Search code examples
pythontensorflowkeraskeras-layer

Repeat keras LSTM output of all hidden states


Data:

Macro time-series with shape = (T, M) #same for all firms
Micro time-series with shape = (T, N, K) #firm-specific data

Where T is time-dimension in months, M the number of macro features, N the number of firms and K the number of micro features such as P/E ratio etc.

Task: use LSTM output, repeat it N times and concatenate with micro-data

I want to use the output of the LSTM, namely all (here H=4) hidden-states for all t in T for all firms, thus setting return_sequences=True, and repeat them N times in order to concatenate them with my micro-data, i.e. get new data with shape = (T, N, K+H)

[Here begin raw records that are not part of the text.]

(* Let $d\ge2$, $k\ge1$, $U=U_1\times\cdots\times U_d$ with pairwise disjoint $U_i$, and $T\subseteq U$. Let $\mathbb F$ be a field of characteristic $2$ with $|\mathbb F|\ge N$. Let $f:\bigcup_{i=2}^dU_i\to\mathbb F$ be injective, and let $\chi(b)=(1,f(b),\dots,f(b)^{(d-1)k-1})\in\mathbb F^{(d-1)k}$. For $t\in T$ let $M_t=\chi(t[2])\wedge\cdots\wedge\chi(t[d])\in\Lambda(\mathbb F^{(d-1)k})$. Let $y_t$ ($t\in T$) and $z$ be indeterminates. For $a\in U_1$ let $Q_a=\sum_{t\in T:t[1]=a}M_ty_t$, and set $$P(z)=\prod_{a\in U_1}(1+zQ_a).$$ Then $P$ has $z$-degree at most $k$. Moreover, the coefficient of $z^ke_{[(d-1)k]}$ in $P(z)$ is a nonzero polynomial in the variables $\{y_t\}$ if and only if $T$ contains $k$ pairwise disjoint tuples.
   Context: $\Lambda(\mathbb F^{r})$ is the exterior algebra over $\mathbb F^r$ with basis $\{e_I:I\subseteq[r]\}$ and $e_{[r]}=e_1\wedge\cdots\wedge e_r$. Vectors are identified with degree-one elements. Since $\mathbb F$ has characteristic $2$, this algebra is commutative. Coefficients are taken in the polynomial ring $\mathbb F[\{y_t\}]$. Tuples $a,b\in U$ are disjoint if $a[i]\ne b[i]$ for all $i=1,\dots,d$. *)

theory Defs
  imports "HOL-Library.Poly_Mapping"
begin

text \<open>In this development the variables are of type 'u list option:
  Some t is the indeterminate y_t and None is the indeterminate z.\<close>

type_synonym ('v, 'a) mpoly = "('v \<Rightarrow>\<^sub>0 nat) \<Rightarrow>\<^sub>0 'a"

definition mp_var :: "'v \<Rightarrow> ('v, 'a::comm_ring_1) mpoly" where
  "mp_var v = Poly_Mapping.single (Poly_Mapping.single v 1) 1"

definition mp_const :: "'a::comm_ring_1 \<Rightarrow> ('v, 'a) mpoly" where
  "mp_const c = Poly_Mapping.single 0 c"

text \<open>Exterior algebra Lambda(F^r) with coefficients in a commutative ring R of
  characteristic 2: an element is a function from index sets I \<subseteq> {0..<r}
  (basis vector e_I) to R. Since the characteristic is 2 no signs appear:
  e_I \<and> e_J = e_(I \<union> J) if I, J are disjoint and 0 otherwise.\<close>

type_synonym 'r ext = "nat set \<Rightarrow> 'r"

definition ext_one :: "'r::comm_ring_1 ext" where
  "ext_one = (\<lambda>K. if K = {} then 1 else 0)"

definition ext_add :: "'r::comm_ring_1 ext \<Rightarrow> 'r ext \<Rightarrow> 'r ext" where
  "ext_add x y = (\<lambda>K. x K + y K)"

definition ext_mult :: "nat \<Rightarrow> 'r::comm_ring_1 ext \<Rightarrow> 'r ext \<Rightarrow> 'r ext" where
  "ext_mult r x y = (\<lambda>K. if K \<subseteq> {0..<r} then (\<Sum>I\<in>Pow K. x I * y (K - I)) else 0)"

text \<open>The vector chi(b) = (1, f b, ..., f b ^ (r-1)) as a degree-one element
  (basis vectors e_{i} for i < r, 0-based).\<close>

definition chi :: "nat \<Rightarrow> ('u \<Rightarrow> 'a::field) \<Rightarrow> 'u \<Rightarrow> ('v, 'a) mpoly ext" where
  "chi r f b = (\<lambda>K. if \<exists>i<r. K = {i} then mp_const (f b ^ (THE i. K = {i})) else 0)"

text \<open>Tuples t \<in> U_1 \<times> ... \<times> U_d are lists of length d; component t[i+1] is t ! i.
  M_t = chi(t[2]) \<and> ... \<and> chi(t[d]).\<close>

definition M_elem :: "nat \<Rightarrow> nat \<Rightarrow> ('u \<Rightarrow> 'a::field) \<Rightarrow> 'u list \<Rightarrow> ('v, 'a) mpoly ext" where
  "M_elem d r f t = foldr (\<lambda>i acc. ext_mult r (chi r f (t ! i)) acc) [1..<d] ext_one"

definition Q_elem :: "nat \<Rightarrow> nat \<Rightarrow> ('u \<Rightarrow> 'a::field) \<Rightarrow> 'u list set \<Rightarrow> 'u
    \<Rightarrow> ('u list option, 'a) mpoly ext" where
  "Q_elem d r f T a = (\<lambda>K. \<Sum>t\<in>{t\<in>T. t ! 0 = a}. M_elem d r f t K * mp_var (Some t))"

text \<open>P(z) = prod over a \<in> U_1 of (1 + z Q_a).  The product in the (commutative,
  since char 2) exterior algebra is taken via Finite_Set.fold.\<close>

definition P_elem :: "nat \<Rightarrow> nat \<Rightarrow> ('u \<Rightarrow> 'a::field) \<Rightarrow> 'u list set \<Rightarrow> 'u set
    \<Rightarrow> ('u list option, 'a) mpoly ext" where
  "P_elem d r f T U1 = Finite_Set.fold
     (\<lambda>a acc. ext_mult r (ext_add ext_one (\<lambda>K. mp_var None * Q_elem d r f T a K)) acc)
     ext_one U1"

definition z_degree_le :: "('u list option, 'a::comm_ring_1) mpoly ext \<Rightarrow> nat \<Rightarrow> bool" where
  "z_degree_le x k \<longleftrightarrow> (\<forall>K. \<forall>m\<in>Poly_Mapping.keys (x K). Poly_Mapping.lookup m None \<le> k)"

text \<open>The coefficient of z^k in a polynomial p, as a polynomial in the remaining
  variables, is nonzero iff some z-free monomial m has m * z^k in the support of p.\<close>

definition zcoeff_nonzero :: "('u list option, 'a::comm_ring_1) mpoly \<Rightarrow> nat \<Rightarrow> bool" where
  "zcoeff_nonzero p k \<longleftrightarrow>
     (\<exists>m. Poly_Mapping.lookup m None = 0 \<and> Poly_Mapping.lookup p (m + Poly_Mapping.single None k) \<noteq> 0)"

end

theory Submission
  imports Defs "HOL-Computational_Algebra.Polynomial"
begin

text \<open>Expanding the product, \<open>P(z)\<close> is the sum, over the sets \<open>S \<subseteq> T\<close> of tuples with
  distinct first coordinates, of \<open>z^|S| \<Prod>t\<in>S. y_t\<close> times the wedge product of the \<open>M_t\<close>,
  \<open>t \<in> S\<close>; distinct \<open>S\<close> give distinct monomials, so nothing cancels. That wedge product is
  homogeneous of degree \<open>(d - 1) |S|\<close> in \<open>\<Lambda>(F^((d-1)k))\<close>, hence vanishes unless \<open>|S| \<le> k\<close>.
  For \<open>|S| = k\<close> its top coefficient is the Vandermonde determinant of the values \<open>f (t[i])\<close>,
  \<open>t \<in> S\<close>, \<open>i \<ge> 2\<close>, which is nonzero iff these
  values are distinct, i.e. iff the tuples of \<open>S\<close> are pairwise disjoint.\<close>

section \<open>The exterior algebra in characteristic 2\<close>

lemma ext_mult_commute: "ext_mult r x y = ext_mult r y x"
proof -
  have "(\<Sum>I\<in>Pow K. x I * y (K - I)) = (\<Sum>I\<in>Pow K. y I * x (K - I))" for K
    by (rule sum.reindex_bij_witness[of _ "\<lambda>I. K - I" "\<lambda>I. K - I"])
       (auto simp: mult.commute double_diff)
  then show ?thesis
    by (simp add: ext_mult_def fun_eq_iff)
qed
(* Consider a Fisher market with agents $N$, budgets $b_i>0$ for $i\in N$, indivisible items $M$, and monotone preferences $\preceq_i$. For every competitive equilibrium $(\mathcal S,p)$ such that $S_i\ne\emptyset$ for every $i\in N$, there exists a price vector $p'$ such that $(\mathcal S,p')$ is a competitive equilibrium and $p'$ is budget-exhausting, i.e., $p'(S_i)=b_i$ for every $i\in N$.
   Context: A monotone preference $\preceq_i$ is a complete and transitive weak order over all subsets of $M$ such that $S\preceq_i T$ whenever $S\subseteq T$; $S\prec_i T$ means $S\preceq_i T$ and not $T\preceq_i S$. For prices $p$, $p(S)=\sum_{j\in S}p_j$. A bundle $S$ is demanded by agent $i$ if $p(S)\le b_i$ and $p(T)>b_i$ for every $T$ with $S\prec_i T$. A competitive equilibrium is a pair $(\mathcal S,p)$ with $\mathcal S=(S_i)_{i\in N}$ a partition of all of $M$ among the agents such that each $S_i$ is demanded by agent $i$ at prices $p$. *)

theory Defs
  imports Complex_Main
begin

text \<open>A preference of an agent is a binary relation on bundles (subsets of the item set M);
  R S T reads: S is weakly less preferred than T.\<close>

definition monotone_pref :: "'b set \<Rightarrow> ('b set \<Rightarrow> 'b set \<Rightarrow> bool) \<Rightarrow> bool" where
  "monotone_pref M R \<longleftrightarrow>
     (\<forall>S T. S \<subseteq> M \<longrightarrow> T \<subseteq> M \<longrightarrow> R S T \<or> R T S) \<and>
     (\<forall>S T U. S \<subseteq> M \<longrightarrow> T \<subseteq> M \<longrightarrow> U \<subseteq> M \<longrightarrow> R S T \<longrightarrow> R T U \<longrightarrow> R S U) \<and>
     (\<forall>S T. S \<subseteq> T \<longrightarrow> T \<subseteq> M \<longrightarrow> R S T)"

definition strict_pref :: "('b set \<Rightarrow> 'b set \<Rightarrow> bool) \<Rightarrow> 'b set \<Rightarrow> 'b set \<Rightarrow> bool" where
  "strict_pref R S T \<longleftrightarrow> R S T \<and> \<not> R T S"

definition price :: "('b \<Rightarrow> real) \<Rightarrow> 'b set \<Rightarrow> real" where
  "price p S = (\<Sum>j\<in>S. p j)"

definition demanded :: "'b set \<Rightarrow> ('b set \<Rightarrow> 'b set \<Rightarrow> bool) \<Rightarrow> real \<Rightarrow> ('b \<Rightarrow> real) \<Rightarrow> 'b set \<Rightarrow> bool" where
  "demanded M R bi p S \<longleftrightarrow> S \<subseteq> M \<and> price p S \<le> bi \<and>
     (\<forall>T. T \<subseteq> M \<longrightarrow> strict_pref R S T \<longrightarrow> price p T > bi)"

definition is_allocation :: "'a set \<Rightarrow> 'b set \<Rightarrow> ('a \<Rightarrow> 'b set) \<Rightarrow> bool" where
  "is_allocation N M S \<longleftrightarrow> (\<Union>i\<in>N. S i) = M \<and>
     (\<forall>i\<in>N. \<forall>j\<in>N. i \<noteq> j \<longrightarrow> S i \<inter> S j = {})"

definition competitive_equilibrium ::
  "'a set \<Rightarrow> 'b set \<Rightarrow> ('a \<Rightarrow> 'b set \<Rightarrow> 'b set \<Rightarrow> bool) \<Rightarrow> ('a \<Rightarrow> real) \<Rightarrow> ('a \<Rightarrow> 'b set) \<Rightarrow> ('b \<Rightarrow> real) \<Rightarrow> bool" where
  "competitive_equilibrium N M pref b S p \<longleftrightarrow> is_allocation N M S \<and>
     (\<forall>i\<in>N. demanded M (pref i) (b i) p (S i))"

end

theory Submission
  imports Defs
begin

text \<open>Raising prices can only make bundles less affordable, so a bundle that was demanded
  stays demanded as long as it remains affordable itself. Spreading each agent's unspent budget
  evenly over the items of her bundle (nonempty, and disjoint from the other bundles) therefore
  keeps the equilibrium and exhausts every budget.\<close>

lemma price_mono:
  assumes "\<forall>j\<in>T. p j \<le> p' j"
  shows "price p T \<le> price p' T"
  unfolding price_def using assms by (intro sum_mono) auto

lemma demanded_raise_prices:
  assumes "demanded M R bi p S"
    and "\<forall>j\<in>M. p j \<le> p' j"
    and "price p' S \<le> bi"
  shows "demanded M R bi p' S"
  unfolding demanded_def
proof (intro conjI allI impI)
  show "S \<subseteq> M" "price p' S \<le> bi"
    using assms(1,3) unfolding demanded_def by auto
  fix T assume T: "T \<subseteq> M" "strict_pref R S T"
  then have "bi < price p T"
    using assms(1) unfolding demanded_def by blast
  also have "\<dots> \<le> price p' T"
    using T(1) assms(2) by (intro price_mono) auto
  finally show "bi < price p' T" .
qed

definition spread_surplus ::
  "'a set \<Rightarrow> ('a \<Rightarrow> 'b set) \<Rightarrow> ('a \<Rightarrow> real) \<Rightarrow> ('b \<Rightarrow> real) \<Rightarrow> 'b \<Rightarrow> real" where
  "spread_surplus N S b p j =
     p j + (\<Sum>i\<in>N. if j \<in> S i then (b i - price p (S i)) / card (S i) else 0)"

lemma spread_surplus_ge:
  assumes "\<forall>i\<in>N. price p (S i) \<le> b i"
  shows "p j \<le> spread_surplus N S b p j"
  unfolding spread_surplus_def using assms by (auto intro!: sum_nonneg)

lemma spread_surplus_on_bundle:
  assumes "finite N" and "\<forall>i\<in>N. \<forall>k\<in>N. i \<noteq> k \<longrightarrow> S i \<inter> S k = {}"
    and "i \<in> N" and "j \<in> S i"
  shows "spread_surplus N S b p j = p j + (b i - price p (S i)) / card (S i)"
proof -
  have "(\<Sum>k\<in>N. if j \<in> S k then (b k - price p (S k)) / card (S k) else 0)
      = (\<Sum>k\<in>N. if k = i then (b i - price p (S i)) / card (S i) else 0)"
    using assms(2-4) by (intro sum.cong) auto
  also have "\<dots> = (b i - price p (S i)) / card (S i)"
    using assms(1,3) by simp
  finally show ?thesis
    unfolding spread_surplus_def by simp
qed

lemma price_spread_surplus_bundle:
  assumes "finite N" and "\<forall>i\<in>N. \<forall>k\<in>N. i \<noteq> k \<longrightarrow> S i \<inter> S k = {}"
    and "i \<in> N" and "finite (S i)" and "S i \<noteq> {}"
  shows "price (spread_surplus N S b p) (S i) = b i"
proof -
  have "card (S i) > 0"
    using assms(4,5) by (simp add: card_gt_0_iff)
  have "price (spread_surplus N S b p) (S i)
      = (\<Sum>j\<in>S i. p j + (b i - price p (S i)) / card (S i))"
    using spread_surplus_on_bundle[OF assms(1-3)]
    by (simp add: price_def[of "spread_surplus N S b p"])
  also have "\<dots> = price p (S i) + (b i - price p (S i))"
    using \<open>card (S i) > 0\<close> by (simp add: sum.distrib price_def)
  finally show ?thesis by simp
qed

theorem mainTheorem6:
  fixes N :: "'a set" and M :: "'b set"
    and pref :: "'a \<Rightarrow> 'b set \<Rightarrow> 'b set \<Rightarrow> bool"
    and b :: "'a \<Rightarrow> real" and S :: "'a \<Rightarrow> 'b set" and p :: "'b \<Rightarrow> real"
  assumes "finite N" and "finite M"
    and "\<forall>i\<in>N. b i > 0"
    and "\<forall>i\<in>N. monotone_pref M (pref i)"
    and "competitive_equilibrium N M pref b S p"
    and "\<forall>i\<in>N. S i \<noteq> {}"
  shows "\<exists>p'. competitive_equilibrium N M pref b S p' \<and> (\<forall>i\<in>N. price p' (S i) = b i)"
proof -
  have alloc: "is_allocation N M S" and dem: "\<forall>i\<in>N. demanded M (pref i) (b i) p (S i)"
    using assms(5) unfolding competitive_equilibrium_def by auto
  have disj: "\<forall>i\<in>N. \<forall>k\<in>N. i \<noteq> k \<longrightarrow> S i \<inter> S k = {}"
    using alloc unfolding is_allocation_def by blast
  have fin: "\<forall>i\<in>N. finite (S i)"
    using dem assms(2) unfolding demanded_def by (blast intro: finite_subset)
  define p' where "p' = spread_surplus N S b p"
  have exhausted: "\<forall>i\<in>N. price p' (S i) = b i"
    unfolding p'_def using price_spread_surplus_bundle[OF assms(1) disj] fin assms(6) by blast
  have "\<forall>j. p j \<le> p' j"
    unfolding p'_def using dem by (auto intro: spread_surplus_ge simp: demanded_def)
  then have "\<forall>i\<in>N. demanded M (pref i) (b i) p' (S i)"
    using dem exhausted by (auto intro: demanded_raise_prices)
  then show ?thesis
    using alloc exhausted unfolding competitive_equilibrium_def by blast
qed

end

This new data will then be reshaped to (T*N, K+H) and fed into a feed-forward neural network with a custom loss-function that applies to both neural nets and can by construction only be computed at time T, thus having batch-size=1!.

I have tried this the following way, but it doesn't work because of the dims:

from keras.layers import concatenate, Input, LSTM, RepeatVector
from keras.utils.vis_utils import plot_model
from keras.models        import Model

in_macro        = Input(shape = (T, M),         name = 'macro_input')
in_micro        = Input(shape = (T, N, K),      name = 'micro_input')

lstm            = LSTM(4, return_sequences=True)(in_macro)
rep             = RepeatVector(N)(lstm)
conc            = concatenate([in_micro, rep])
model           = Model(inputs=[in_micro,in_macro], outputs=conc)

plot_model(model, show_shapes=True)

ValueError: Input 0 is incompatible with layer repeat_vector_1: expected ndim=2, found ndim=3

Is there an efficient way to reach this goal, maybe even without the need to repeat?


Solution

  • Found a solution using Lambda layers and stack:

    from keras.layers import concatenate, Input, LSTM
    from keras.utils.vis_utils import plot_model
    from keras.models import Model
    import keras.backend as k
    
    in_macro = Input(shape=(T, M), name='macro_input')
    in_micro = Input(shape=(T, N, K), name='micro_input')
    
    lstm = LSTM(4, return_sequences=True)(in_macro)
    stack = Lambda(lambda x: k.stack(N*[x], axis=2))(lstm)
    conc = concatenate([in_micro, stack])
    model = Model(inputs=[in_micro,in_macro], outputs=conc)
    
    plot_model(model, show_shapes=True)
    

    enter image description here